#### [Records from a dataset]
lemma CS_eq_affine:
  fixes E :: "('x \<times> bool) measure" and \<eta> f :: "'x \<Rightarrow> real"
  assumes E: "prob_space E" and sets_E: "sets E = sets (S \<Otimes>\<^sub>M count_space UNIV)"
    and cp: "is_cond_prob S E \<eta>"
    and f: "f \<in> borel_measurable S" and f_bounds: "\<forall>x\<in>space S. 0 \<le> f x \<and> f x \<le> 1"
  shows "CS f E c = (1 - c) * (\<integral>x. \<eta> x \<partial>distr E S fst) - (\<integral>x. f x * (\<eta> x - c) \<partial>distr E S fst)"
proof -
  let ?P = "distr E S fst"
  interpret P: prob_space ?P
    using E sets_E by (rule prob_space_distr_fst)
  have \<eta>_meas: "\<eta> \<in> borel_measurable S" and \<eta>_bounds: "\<forall>x\<in>space S. 0 \<le> \<eta> x \<and> \<eta> x \<le> 1"
    using cp unfolding is_cond_prob_def by auto
  have "integrable ?P \<eta>" "integrable ?P f" "integrable ?P (\<lambda>x. \<eta> x * f x)"
    using f f_bounds \<eta>_meas \<eta>_bounds
    by (auto intro!: P.integrable_const_bound[where B=1] AE_I2 mult_le_one simp: abs_mult)
  then have linear:
      "(\<integral>x. \<eta> x * (1 - f x) \<partial>?P) = (\<integral>x. \<eta> x \<partial>?P) - (\<integral>x. \<eta> x * f x \<partial>?P)"
    "(\<integral>x. (1 - \<eta> x) * f x \<partial>?P) = (\<integral>x. f x \<partial>?P) - (\<integral>x. \<eta> x * f x \<partial>?P)"
    "(\<integral>x. f x * (\<eta> x - c) \<partial>?P) = (\<integral>x. \<eta> x * f x \<partial>?P) - c * (\<integral>x. f x \<partial>?P)"
    by (simp_all add: algebra_simps)
  show ?thesis
    unfolding CS_eq_cond_prob[OF assms] linear by (simp add: algebra_simps)
qed

lemma CS_difference_eq:
  fixes E E' :: "('x \<times> bool) measure" and \<eta> \<eta>' f :: "'x \<Rightarrow> real"
  assumes E: "prob_space E" "sets E = sets (S \<Otimes>\<^sub>M count_space UNIV)" "is_cond_prob S E \<eta>"
    and E': "prob_space E'" "sets E' = sets (S \<Otimes>\<^sub>M count_space UNIV)" "is_cond_prob S E' \<eta>'"
    and marginals: "distr E S fst = P" "distr E' S fst = P"
    and f: "f \<in> borel_measurable S" "\<forall>x\<in>space S. 0 \<le> f x \<and> f x \<le> 1"
    and c: "c \<in> {0..1}" and c': "c' \<in> {0..1}"
  shows "CS f E c - lam * CS f E' c'
    = (1 - c) * (\<integral>x. \<eta> x \<partial>P) - lam * ((1 - c') * (\<integral>x. \<eta>' x \<partial>P))
      - (\<integral>x. f x * (\<eta> x - c - lam * (\<eta>' x - c')) \<partial>P)"
proof -
  interpret P: prob_space P
    using prob_space_distr_fst[OF E(1,2)] marginals(1) by simp
  have sets_P: "sets P = sets S"
    using marginals(1) by auto
  have "\<bar>f x * (\<eta> x - c)\<bar> \<le> 1" "\<bar>f x * (\<eta>' x - c')\<bar> \<le> 1" if "x \<in> space S" for x
  proof -
    have "0 \<le> \<eta> x" "\<eta> x \<le> 1" "0 \<le> \<eta>' x" "\<eta>' x \<le> 1" "0 \<le> f x" "f x \<le> 1"
      using E(3) E'(3) f(2) that unfolding is_cond_prob_def by auto
    then show "\<bar>f x * (\<eta> x - c)\<bar> \<le> 1" "\<bar>f x * (\<eta>' x - c')\<bar> \<le> 1"
      using c c' by (auto simp: abs_mult intro!: mult_le_one)
  qed
  moreover have "space P = space S" "borel_measurable P = borel_measurable S"
    using sets_eq_imp_space_eq[OF sets_P] measurable_cong_sets[OF sets_P refl] by simp_all
  ultimately have "integrable P (\<lambda>x. f x * (\<eta> x - c))" "integrable P (\<lambda>x. f x * (\<eta>' x - c'))"
    using E(3) E'(3) f unfolding is_cond_prob_def
    by (auto intro!: P.integrable_const_bound[where B=1] AE_I2)
  then have "(\<integral>x. f x * (\<eta> x - c) - lam * (f x * (\<eta>' x - c')) \<partial>P)
      = (\<integral>x. f x * (\<eta> x - c) \<partial>P) - lam * (\<integral>x. f x * (\<eta>' x - c') \<partial>P)"
    by simp
  moreover have "(\<integral>x. f x * (\<eta> x - c - lam * (\<eta>' x - c')) \<partial>P)
      = (\<integral>x. f x * (\<eta> x - c) - lam * (f x * (\<eta>' x - c')) \<partial>P)"
    by (simp add: algebra_simps)
  ultimately have split:
    "(\<integral>x. f x * (\<eta> x - c - lam * (\<eta>' x - c')) \<partial>P)
      = (\<integral>x. f x * (\<eta> x - c) \<partial>P) - lam * (\<integral>x. f x * (\<eta>' x - c') \<partial>P)"
    by simp
  show ?thesis
    unfolding CS_eq_affine[OF E f] CS_eq_affine[OF E' f] marginals split
    by (simp add: algebra_simps)
qed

#### [WORK TO COMPLETE]
Print every record above exactly as written.

#### [RESULT OF THE EXERCISE]
lemma CS_eq_affine:
  fixes E :: "('x \<times> bool) measure" and \<eta> f :: "'x \<Rightarrow> real"
  assumes E: "prob_space E" and sets_E: "sets E = sets (S \<Otimes>\<^sub>M count_space UNIV)"
    and cp: "is_cond_prob S E \<eta>"
    and f: "f \<in> borel_measurable S" and f_bounds: "\<forall>x\<in>space S. 0 \<le> f x \<and> f x \<le> 1"
  shows "CS f E c = (1 - c) * (\<integral>x. \<eta> x \<partial>distr E S fst) - (\<integral>x. f x * (\<eta> x - c) \<partial>distr E S fst)"
proof -
  let ?P = "distr E S fst"
  interpret P: prob_space ?P
    using E sets_E by (rule prob_space_distr_fst)
  have \<eta>_meas: "\<eta> \<in> borel_measurable S" and \<eta>_bounds: "\<forall>x\<in>space S. 0 \<le> \<eta> x \<and> \<eta> x \<le> 1"
    using cp unfolding is_cond_prob_def by auto
  have "integrable ?P \<eta>" "integrable ?P f" "integrable ?P (\<lambda>x. \<eta> x * f x)"
    using f f_bounds \<eta>_meas \<eta>_bounds
    by (auto intro!: P.integrable_const_bound[where B=1] AE_I2 mult_le_one simp: abs_mult)
  then have linear:
      "(\<integral>x. \<eta> x * (1 - f x) \<partial>?P) = (\<integral>x. \<eta> x \<partial>?P) - (\<integral>x. \<eta> x * f x \<partial>?P)"
    "(\<integral>x. (1 - \<eta> x) * f x \<partial>?P) = (\<integral>x. f x \<partial>?P) - (\<integral>x. \<eta> x * f x \<partial>?P)"
    "(\<integral>x. f x * (\<eta> x - c) \<partial>?P) = (\<integral>x. \<eta> x * f x \<partial>?P) - c * (\<integral>x. f x \<partial>?P)"
    by (simp_all add: algebra_simps)
  show ?thesis
    unfolding CS_eq_cond_prob[OF assms] linear by (simp add: algebra_simps)
qed

lemma CS_difference_eq:
  fixes E E' :: "('x \<times> bool) measure" and \<eta> \<eta>' f :: "'x \<Rightarrow> real"
  assumes E: "prob_space E" "sets E = sets (S \<Otimes>\<^sub>M count_space UNIV)" "is_cond_prob S E \<eta>"
    and E': "prob_space E'" "sets E' = sets (S \<Otimes>\<^sub>M count_space UNIV)" "is_cond_prob S E' \<eta>'"
    and marginals: "distr E S fst = P" "distr E' S fst = P"
    and f: "f \<in> borel_measurable S" "\<forall>x\<in>space S. 0 \<le> f x \<and> f x \<le> 1"
    and c: "c \<in> {0..1}" and c': "c' \<in> {0..1}"
  shows "CS f E c - lam * CS f E' c'
    = (1 - c) * (\<integral>x. \<eta> x \<partial>P) - lam * ((1 - c') * (\<integral>x. \<eta>' x \<partial>P))
      - (\<integral>x. f x * (\<eta> x - c - lam * (\<eta>' x - c')) \<partial>P)"
proof -
  interpret P: prob_space P
    using prob_space_distr_fst[OF E(1,2)] marginals(1) by simp
  have sets_P: "sets P = sets S"
    using marginals(1) by auto
  have "\<bar>f x * (\<eta> x - c)\<bar> \<le> 1" "\<bar>f x * (\<eta>' x - c')\<bar> \<le> 1" if "x \<in> space S" for x
  proof -
    have "0 \<le> \<eta> x" "\<eta> x \<le> 1" "0 \<le> \<eta>' x" "\<eta>' x \<le> 1" "0 \<le> f x" "f x \<le> 1"
      using E(3) E'(3) f(2) that unfolding is_cond_prob_def by auto
    then show "\<bar>f x * (\<eta> x - c)\<bar> \<le> 1" "\<bar>f x * (\<eta>' x - c')\<bar> \<le> 1"
      using c c' by (auto simp: abs_mult intro!: mult_le_one)
  qed
  moreover have "space P = space S" "borel_measurable P = borel_measurable S"
    using sets_eq_imp_space_eq[OF sets_P] measurable_cong_sets[OF sets_P refl] by simp_all
  ultimately have "integrable P (\<lambda>x. f x * (\<eta> x - c))" "integrable P (\<lambda>x. f x * (\<eta>' x - c'))"
    using E(3) E'(3) f unfolding is_cond_prob_def
    by (auto intro!: P.integrable_const_bound[where B=1] AE_I2)
  then have "(\<integral>x. f x * (\<eta> x - c) - lam * (f x * (\<eta>' x - c')) \<partial>P)
      = (\<integral>x. f x * (\<eta> x - c) \<partial>P) - lam * (\<integral>x. f x * (\<eta>' x - c') \<partial>P)"
    by simp
  moreover have "(\<integral>x. f x * (\<eta> x - c - lam * (\<eta>' x - c')) \<partial>P)
      = (\<integral>x. f x * (\<eta> x - c) - lam * (f x * (\<eta>' x - c')) \<partial>P)"
    by (simp add: algebra_simps)
  ultimately have split:
    "(\<integral>x. f x * (\<eta> x - c - lam * (\<eta>' x - c')) \<partial>P)
      = (\<integral>x. f x * (\<eta> x - c) \<partial>P) - lam * (\<integral>x. f x * (\<eta>' x - c') \<partial>P)"
    by simp
  show ?thesis
    unfolding CS_eq_affine[OF E f] CS_eq_affine[OF E' f] marginals split
    by (simp add: algebra_simps)
qed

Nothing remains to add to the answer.